RO15-4513 but not FG-7142 reverses anticonvulsant effects of ethanol against bicuculline- and picrotoxin-induced convulsions in rats.

Abstract

The reversal of anticonvulsant effect of ethanol against chemoconvulsions by RO15-4513 was investigated in rats as this novel imidazobenzodiazepine (ethyl-8 azido-5, 6-dihydro-5-methyl-6-Oxo-4H-imidazo [1,5a] [1,4] benzodiazepine-3-carboxylate) is reported to antagonize the acute behavioral and biochemical effects of ethanol in animals.

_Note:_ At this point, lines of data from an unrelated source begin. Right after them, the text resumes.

definition PT_rank :: "nat \<Rightarrow> nat \<Rightarrow> 'a::field tmat \<Rightarrow> enat" where
  "PT_rank n d M = Inf {enat r | r. \<exists>B :: nat \<Rightarrow> 'a tmat.
     (\<forall>t<r. PT_basic n d (B t)) \<and>
     (\<forall>i\<in>idx n d. \<forall>j\<in>idx n d. M i j = (\<Sum>t<r. B t i j))}"

text \<open>Commutative polynomials in the variables X^(k)_i, encoded as (k, i), as
  finitely supported maps from monomials (finitely supported exponent maps) to coefficients.\<close>
type_synonym 'a mpoly = "((nat \<times> nat) \<Rightarrow>\<^sub>0 nat) \<Rightarrow>\<^sub>0 'a"

definition Var :: "nat \<Rightarrow> nat \<Rightarrow> 'a::comm_ring_1 mpoly" where
  "Var k i = Poly_Mapping.single (Poly_Mapping.single (k, i) 1) 1"

definition Const :: "'a::comm_ring_1 \<Rightarrow> 'a mpoly" where
  "Const c = Poly_Mapping.single 0 c"

definition QM :: "nat \<Rightarrow> nat \<Rightarrow> 'a::comm_ring_1 tmat \<Rightarrow> 'a mpoly" where
  "QM n d M = (\<Sum>i\<in>idx n d. \<Sum>j\<in>idx n d.
      Const (M i j) * (\<Prod>k<d. Var k (i ! k) * Var k (j ! k)))"

definition multilinear_form :: "nat \<Rightarrow> nat \<Rightarrow> 'a::comm_ring_1 mpoly \<Rightarrow> bool" where
  "multilinear_form n d g \<longleftrightarrow>
     (\<exists>c :: nat list \<Rightarrow> 'a. g = (\<Sum>i\<in>idx n d. Const (c i) * (\<Prod>k<d. Var k (i ! k))))"

definition SoS :: "nat \<Rightarrow> nat \<Rightarrow> 'a::comm_ring_1 mpoly \<Rightarrow> enat" where
  "SoS n d f = Inf {enat s | s. \<exists>g :: nat \<Rightarrow> 'a mpoly.
     (\<forall>t<s. multilinear_form n d (g t)) \<and> f = (\<Sum>t<s. (g t)\<^sup>2)}"

end

theory Submission
  imports Defs
begin

text \<open>
  Write Q_M = g_1^2 + ... + g_s^2 with g_t = sum_i c_t(i) X_i. Then Q_M = Q_N, where N is the sum
  of the symmetric rank-one matrices C_t = c_t c_t^T. For fully symmetric S, the coefficient of
  the monomial X_i X_j in Q_S is 2^m S_ij, with m the number of blocks in which i and j differ,
  because the index pairs producing that monomial are exactly the partial transposes of (i, j).
  Hence in characteristic not 2 the map S -> Q_S is injective on fully symmetric matrices, and,
  Q being invariant under partial transposition, 2^d M is the sum of all partial transposes of N.
  For symmetric C_t the partial transposes over a block set and over its complement agree, so
  M = 2^(1-d) sum_t sum_kappa C_t^(T_kappa), kappa ranging over the block sets avoiding block 0:
  a sum of 2^(d-1) s matrices, each PT-basic or zero.
\<close>

definition swap_blocks :: "nat set \<Rightarrow> nat list \<Rightarrow> nat list \<Rightarrow> nat list" where
  "swap_blocks K i j = map (\<lambda>k. if k \<in> K then j ! k else i ! k) [0..<length i]"

lemma ptrans_conv_swap_blocks: "ptrans K M i j = M (swap_blocks K i j) (swap_blocks K j i)"
  by (simp add: ptrans_def swap_blocks_def)

lemma length_swap_blocks [simp]: "length (swap_blocks K i j) = length i"
  by (simp add: swap_blocks_def)

lemma nth_swap_blocks [simp]:
  "k < length i \<Longrightarrow> swap_blocks K i j ! k = (if k \<in> K then j ! k else i ! k)"
  by (simp add: swap_blocks_def)

lemma length_idx: "i \<in> idx n d \<Longrightarrow> length i = d"
  by (simp add: idx_def)

lemma finite_idx: "finite (idx n d)"
  using finite_lists_length_eq[of "{..<n}" d] by (simp add: idx_def conj_commute)

lemma set_swap_blocks: "length i = length j \<Longrightarrow> set (swap_blocks K i j) \<subseteq> set i \<union> set j"
  by (auto simp: swap_blocks_def)

lemma swap_blocks_in_idx: "i \<in> idx n d \<Longrightarrow> j \<in> idx n d \<Longrightarrow> swap_blocks K i j \<in> idx n d"
  using set_swap_blocks[of i j K] by (auto simp: idx_def)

Reversal of ethanol effects on onset of myoclonic jerks, tonic extensor phase, mortality time and percent protection against mortality were compared with not only other anticonvulsant pentobarbital but also with another inverse agonist FG-7142. Pretreatment with RO15-4513 (4 mg/kg) reversed the protective effect of ethanol against bicuculline-induced tonic extensor phase and mortality (87%). This response was sensitive to reversal by RO15-1788 (10 mg/kg). However, onset of myoclonic jerks and duration of clonus were not significantly altered. It also reversed the effect against picrotoxin but the reversal against mortality was up to 50%. As compared to ethanol, RO15-4513 reversed partially the protective effect of pentobarbital against bicuculline- and picrotoxin-induced convulsions. FG-7142 failed to reverse the protective effect of ethanol and pentobarbital against bicuculline-induced tonic extensor phase although it reversed the effect against onset and mortality. It had no effect on the protective effect against picrotoxin-induced convulsions. Both RO15-4513 and FG-7142 possessed proconvulsant effects against bicuculline but not against picrotoxin. These observations suggest that RO15-4513 has a more preferential action against ethanol effects as compared to the other inverse agonist.